Analysing and combining atmospheric general circulation model simulations forced by prescribed SST: tropical response

The ECHAM 3.2 (T21), ECHAM 4 (T30) and LMD (version 6, grid-point resolution with 96 longitudes × 72 latitudes) atmospheric general circulation models were integrated through the period 1961 to 1993 forced with the same observed Sea Surface Temperatures (SSTs) as compiled at the Hadley Centre. Three runs were made for each model starting from different initial conditions. The large-scale tropical inter-annual variability is analysed to give a picture of the skill of each model and of some sort of combination of the three models. To analyse the similarity of model response averaged over the same key regions, several widely-used indices are calculated: Southern Oscillation Index (SOI), large-scale wind shear indices of the boreal summer monsoon in Asia and West Africa and rainfall indices for NE Brazil, Sahel and India. Even for the indices where internal noise is large, some years are consistent amongst all the runs, suggesting inter-annual variability of the strength of SST forcing. Averaging the ensemble mean of the three models (the super-ensemble mean) yields improved skill. When each run is weighted according to its skill, taking three runs from different models instead of three runs of the same model improves the mean skill. There is also some indication that one run of a given model could be better than another, suggesting that persistent anomalies could change its sensitivity to SST. The index approach lacks flexibility to assess whether a model’s response to SST has been geographically displaced. We focus on the first mode in the global tropics, found through singular value decomposition analysis, which is clearly related to El Niño/Southern Oscillation (ENSO) in all seasons.
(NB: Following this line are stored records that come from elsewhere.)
lemma first_order_condition:
  "transpose_mat J *\<^sub>v (((1 - \<delta>) \<cdot>\<^sub>m H) *\<^sub>v vecm (X * transpose_mat X - Z * transpose_mat Z))
     = 0\<^sub>v (n*r)"
proof -
  have "vecm (outer_prod (u 0) (u 0)) \<in> carrier_vec (n*n)"
    using u_carrier_le_r[of 0] by simp
  then have "transpose_mat J *\<^sub>v (((1 - \<delta>) \<cdot>\<^sub>m H) *\<^sub>v vecm (X * transpose_mat X - Z * transpose_mat Z))
      = (- (1 - \<delta>) * \<kappa>) \<cdot>\<^sub>v (transpose_mat J *\<^sub>v vecm (outer_prod (u 0) (u 0)))"
    using J_carrier by (simp add: scaled_H_mult_residual vecm_smult mult_mat_vec[of _ "n*r" "n*n"])
  then show ?thesis unfolding transpose_J_mult_vecm_outer_u0 by auto
qed

lemma H_mult_sym_outer_prod_X:
  assumes w: "w \<in> carrier_vec r"
  defines "v \<equiv> X *\<^sub>v w"
  shows "H *\<^sub>v vecm (outer_prod (u 0) v + outer_prod v (u 0))
    = \<kappa> \<cdot>\<^sub>v vecm (outer_prod (u 0) v + outer_prod v (u 0))"
proof -
  define f where "f j = vecm (mat n n (\<lambda>(i,l). u 0 $ i * u (Suc j) $ l + u (Suc j) $ i * u 0 $ l))" for j
  have f: "f j \<in> carrier_vec (n*n)" for j
    unfolding f_def by (simp add: vecm_mat)
  have eig: "H *\<^sub>v f j = \<kappa> \<cdot>\<^sub>v f j" if "j \<in> {..<r}" for j
    using H_eig3[of "Suc j"] that unfolding f_def by simp
  have u0: "u 0 \<in> carrier_vec n" by (simp add: u_carrier_le_r)
  have v: "v \<in> carrier_vec n" using X_carrier w unfolding v_def by simp
  have "vecm (outer_prod (u 0) v + outer_prod v (u 0)) = vec (n*n) (\<lambda>t. \<Sum>j<r. (xscale j * w $ j) * f j $ t)"
    using v u_carrier_le_r[of 0] mod_div_less_of_less_mult[of _ n n]
    unfolding vecm_add[OF outer_prod_carrier[OF u0 v] outer_prod_carrier[OF v u0]]
    unfolding v_def X_mult_vec[OF w] f_def outer_prod_def dim_u[OF le0] vecm_mat
    by (intro eq_vecI) (auto simp: sum_distrib_left sum_distrib_right sum.distrib algebra_simps)
  moreover have "H *\<^sub>v vec (n*n) (\<lambda>t. \<Sum>j<r. (xscale j * w $ j) * f j $ t)
      = \<kappa> \<cdot>\<^sub>v vec (n*n) (\<lambda>t. \<Sum>j<r. (xscale j * w $ j) * f j $ t)"
    using f eig by (intro eigenvector_lincomb[OF H_carrier]) auto
  ultimately show ?thesis by simp
qed

lemma sym_prod_scalar_prod_sym_outer_prod:
  assumes Y: "Y \<in> carrier_mat n r"
  defines "v \<equiv> X *\<^sub>v (transpose_mat Y *\<^sub>v u 0)"
  shows "vecm (X * transpose_mat Y + Y * transpose_mat X) \<bullet> vecm (outer_prod (u 0) v + outer_prod v (u 0))
    = 2 * (v \<bullet> v)"
proof -
  define S where "S = X * transpose_mat Y + Y * transpose_mat X"
  define w where "w = transpose_mat Y *\<^sub>v u 0"
  have u0: "u 0 \<in> carrier_vec n" by (simp add: u_carrier_le_r)
  have S: "S \<in> carrier_mat n n" using X_carrier Y unfolding S_def by simp
  have w: "w \<in> carrier_vec r" using Y u0 unfolding w_def by simp
  have v: "v \<in> carrier_vec n" using X_carrier w unfolding v_def w_def[symmetric] by simp
  have Xtv: "transpose_mat X *\<^sub>v v \<in> carrier_vec r" using X_carrier v by simp
  have "S *\<^sub>v u 0 = v"
    using X_carrier Y u0 unfolding S_def v_def
    by (simp add: add_mult_transpose_mult_vec[of _ n r] transpose_X_mult_u0 mult_mat_vec_zero)
  moreover have "u 0 \<bullet> (S *\<^sub>v v) = v \<bullet> v"
  proof -
    have "u 0 \<bullet> (S *\<^sub>v v) = u 0 \<bullet> (X *\<^sub>v (transpose_mat Y *\<^sub>v v)) + u 0 \<bullet> (Y *\<^sub>v (transpose_mat X *\<^sub>v v))"
      using X_carrier Y u0 v unfolding S_def
      by (simp add: add_mult_transpose_mult_vec[of _ n r] scalar_prod_add_distrib[of _ n])
    also have "\<dots> = w \<bullet> (transpose_mat X *\<^sub>v v)"
      using Y v u0 transpose_vec_mult_scalar[OF Y Xtv u0]
      by (simp add: u0_scalar_prod_X_mult_vec w_def)
    also have "\<dots> = v \<bullet> v"
      using transpose_vec_mult_scalar[OF X_carrier w v] comm_scalar_prod[OF w Xtv]
      unfolding v_def w_def by simp
    finally show ?thesis .
  qed
  ultimately show ?thesis
    using S u0 v unfolding S_def[symmetric]
    by (simp add: vecm_add[of _ n n] scalar_prod_add_distrib[of _ "n*n"] comm_scalar_prod[of "vecm S" "n*n"]
        scalar_prod_vecm_outer_prod[of _ n _ n])
qed

lemma curvature_bound:
  assumes Y: "Y \<in> carrier_mat n r"
  shows "2 * \<kappa> * ((transpose_mat Y *\<^sub>v u 0) \<bullet> (transpose_mat Y *\<^sub>v u 0))
    \<le> vecm (X * transpose_mat Y + Y * transpose_mat X) \<bullet> (H *\<^sub>v vecm (X * transpose_mat Y + Y * transpose_mat X))"
proof -
  define w where "w = transpose_mat Y *\<^sub>v u 0"
  define v where "v = X *\<^sub>v w"
  define s where "s = vecm (X * transpose_mat Y + Y * transpose_mat X)"
  define p where "p = vecm (outer_prod (u 0) v + outer_prod v (u 0))"
  have u0: "u 0 \<in> carrier_vec n" by (simp add: u_carrier_le_r)
  have w: "w \<in> carrier_vec r" using Y u0 unfolding w_def by simp
  have v: "v \<in> carrier_vec n" using X_carrier w unfolding v_def by simp
  have s: "s \<in> carrier_vec (n*n)" using X_carrier Y unfolding s_def by simp
  have p: "p \<in> carrier_vec (n*n)" using u0 v unfolding p_def by simp
  have sp: "s \<bullet> p = 2 * (v \<bullet> v)"
    using sym_prod_scalar_prod_sym_outer_prod[OF Y] unfolding s_def p_def v_def w_def .
  have pp: "p \<bullet> p = 2 * (v \<bullet> v)"
    using scalar_prod_vecm_sym_outer_prod_self[OF u0 v] u_orthonormal_le_r[of 0 0]
      u0_scalar_prod_X_mult_vec[OF w] unfolding p_def v_def by simp
  have "2 * \<kappa> * (v \<bullet> v) = 2 * \<kappa> * (s \<bullet> p) - \<kappa> * (p \<bullet> p)"
    unfolding sp pp by simp
  also have "\<dots> \<le> s \<bullet> (H *\<^sub>v s)"
    using H_mult_sym_outer_prod_X[OF w] psd_if_loewner_le_one[OF H_carrier H_lower]
    unfolding p_def[symmetric] v_def[symmetric]
    by (intro quadratic_form_ge_eigenvector[OF H_carrier H_sym _ s p])
  finally have "2 * \<kappa> * (v \<bullet> v) \<le> s \<bullet> (H *\<^sub>v s)" .
  moreover have "2 * \<kappa> * (w \<bullet> w) \<le> 2 * \<kappa> * (v \<bullet> v)"
    using norm_le_X_mult_vec[OF w] kappa_nonneg unfolding v_def by (simp add: mult_left_mono)
  ultimately show ?thesis unfolding s_def w_def by linarith
qed

lemma second_order_quadratic_form:
  assumes Y: "Y \<in> carrier_mat n r"
  shows "vecm Y \<bullet> ((kron (2 \<cdot>\<^sub>m 1\<^sub>m r) ((- (1 - \<delta>) * \<kappa>) \<cdot>\<^sub>m outer_prod (u 0) (u 0))
            + transpose_mat J * ((1 - \<delta>) \<cdot>\<^sub>m H) * J) *\<^sub>v vecm Y)
    = (1 - \<delta>) * (vecm (X * transpose_mat Y + Y * transpose_mat X)
          \<bullet> (H *\<^sub>v vecm (X * transpose_mat Y + Y * transpose_mat X))
        - 2 * \<kappa> * ((transpose_mat Y *\<^sub>v u 0) \<bullet> (transpose_mat Y *\<^sub>v u 0)))"
proof -
  define K where "K = kron (2 \<cdot>\<^sub>m 1\<^sub>m r) ((- (1 - \<delta>) * \<kappa>) \<cdot>\<^sub>m outer_prod (u 0) (u 0))"
  define L where "L = transpose_mat J * ((1 - \<delta>) \<cdot>\<^sub>m H) * J"
  define s where "s = vecm (X * transpose_mat Y + Y * transpose_mat X)"
  have u0: "u 0 \<in> carrier_vec n" by (simp add: u_carrier_le_r)
  have x: "vecm Y \<in> carrier_vec (n*r)" using Y by simp
  have s: "s \<in> carrier_vec (n*n)" using X_carrier Y unfolding s_def by simp
  have K: "K \<in> carrier_mat (n*r) (n*r)"
    using u0 unfolding K_def kron_def by (simp add: mult.commute)
  have L: "L \<in> carrier_mat (n*r) (n*r)"
    using J_carrier H_carrier unfolding L_def by (auto intro!: mult_carrier_mat)
  have "vecm Y \<bullet> (K *\<^sub>v vecm Y)
      = - 2 * (1 - \<delta>) * \<kappa> * ((transpose_mat Y *\<^sub>v u 0) \<bullet> (transpose_mat Y *\<^sub>v u 0))"
    using quadratic_form_kron_outer_prod[OF u0 Y] unfolding K_def by simp
  moreover have "vecm Y \<bullet> (L *\<^sub>v vecm Y) = (1 - \<delta>) * (s \<bullet> (H *\<^sub>v s))"
    using quadratic_form_congruence[OF J_carrier _ x, of "(1 - \<delta>) \<cdot>\<^sub>m H"] H_carrier s
    unfolding L_def J_prop[OF Y] s_def[symmetric]
    by (simp add: smult_mat_mult_vec[OF H_carrier])
  moreover have "vecm Y \<bullet> ((K + L) *\<^sub>v vecm Y) = vecm Y \<bullet> (K *\<^sub>v vecm Y) + vecm Y \<bullet> (L *\<^sub>v vecm Y)"
    using K L x by (simp add: add_mult_distrib_mat_vec[OF K L x] scalar_prod_add_distrib[of _ "n*r"])
  ultimately show ?thesis
    unfolding K_def[symmetric] L_def[symmetric] s_def[symmetric] by (simp add: algebra_simps)
qed

lemma second_order_condition:
  "psd (kron (2 \<cdot>\<^sub>m 1\<^sub>m r)
          (matv n n (((1 - \<delta>) \<cdot>\<^sub>m H) *\<^sub>v vecm (X * transpose_mat X - Z * transpose_mat Z)))
        + transpose_mat J * ((1 - \<delta>) \<cdot>\<^sub>m H) * J)"
proof -
  define M where "M = kron (2 \<cdot>\<^sub>m 1\<^sub>m r) ((- (1 - \<delta>) * \<kappa>) \<cdot>\<^sub>m outer_prod (u 0) (u 0))
    + transpose_mat J * ((1 - \<delta>) \<cdot>\<^sub>m H) * J"
  have u0: "u 0 \<in> carrier_vec n" by (simp add: u_carrier_le_r)
  have M: "M \<in> carrier_mat (n*r) (n*r)"
    using u0 J_carrier H_carrier unfolding M_def kron_def
    by (auto simp: mult.commute intro!: mult_carrier_mat)
  have "0 \<le> x \<bullet> (M *\<^sub>v x)" if x: "x \<in> carrier_vec (n*r)" for x
  proof -
    have Y: "matv n r x \<in> carrier_mat n r" by simp
    show ?thesis
      using second_order_quadratic_form[OF Y] curvature_bound[OF Y] one_minus_delta_pos
      unfolding vecm_matv[OF x] M_def[symmetric] by simp
  qed
  moreover have "kron (2 \<cdot>\<^sub>m 1\<^sub>m r)
          (matv n n (((1 - \<delta>) \<cdot>\<^sub>m H) *\<^sub>v vecm (X * transpose_mat X - Z * transpose_mat Z)))
        + transpose_mat J * ((1 - \<delta>) \<cdot>\<^sub>m H) * J = M"
    unfolding M_def scaled_H_mult_residual using u0
    by (simp only: matv_vecm smult_carrier_mat outer_prod_carrier)
  ultimately show ?thesis
    using M unfolding psd_def by simp
qed

lemma loewner_lower_bound:
  "loewner_le ((1 - \<delta>) \<cdot>\<^sub>m 1\<^sub>m (n*n)) ((1 - \<delta>) \<cdot>\<^sub>m H)"
  using loewner_le_smult[OF one_carrier_mat H_carrier H_lower] one_minus_delta_pos by simp

lemma loewner_upper_bound:
  "loewner_le ((1 - \<delta>) \<cdot>\<^sub>m H) ((1 + \<delta>) \<cdot>\<^sub>m 1\<^sub>m (n*n))"
proof -
  have "(1 + \<delta>) \<cdot>\<^sub>m 1\<^sub>m (n*n) = (1 - \<delta>) \<cdot>\<^sub>m (\<kappa> \<cdot>\<^sub>m 1\<^sub>m (n*n))"
    unfolding one_plus_delta by (intro eq_matI) auto
  then show ?thesis
    using loewner_le_smult[OF H_carrier _ H_upper] one_minus_delta_pos by simp
qed

end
The Observed-Model and Model-Model analyses lead to almost the same patterns, suggesting that the dominant pattern of model response is also the most skilful mode. Seasonal modulation of both skill and spatial patterns (both model and observed) clearly exists with highest skill (between tropical Pacific SST and tropical rainfall) and reproducibility amongst the runs in December-February, and least skill/reproducibility in March-May and June-August. The differences between each model suggest that a simple linear regression combination of each GCM’s prediction indices will be improved upon by combination methods that take account of the errors in the spatial teleconnection structures generated by the GCM.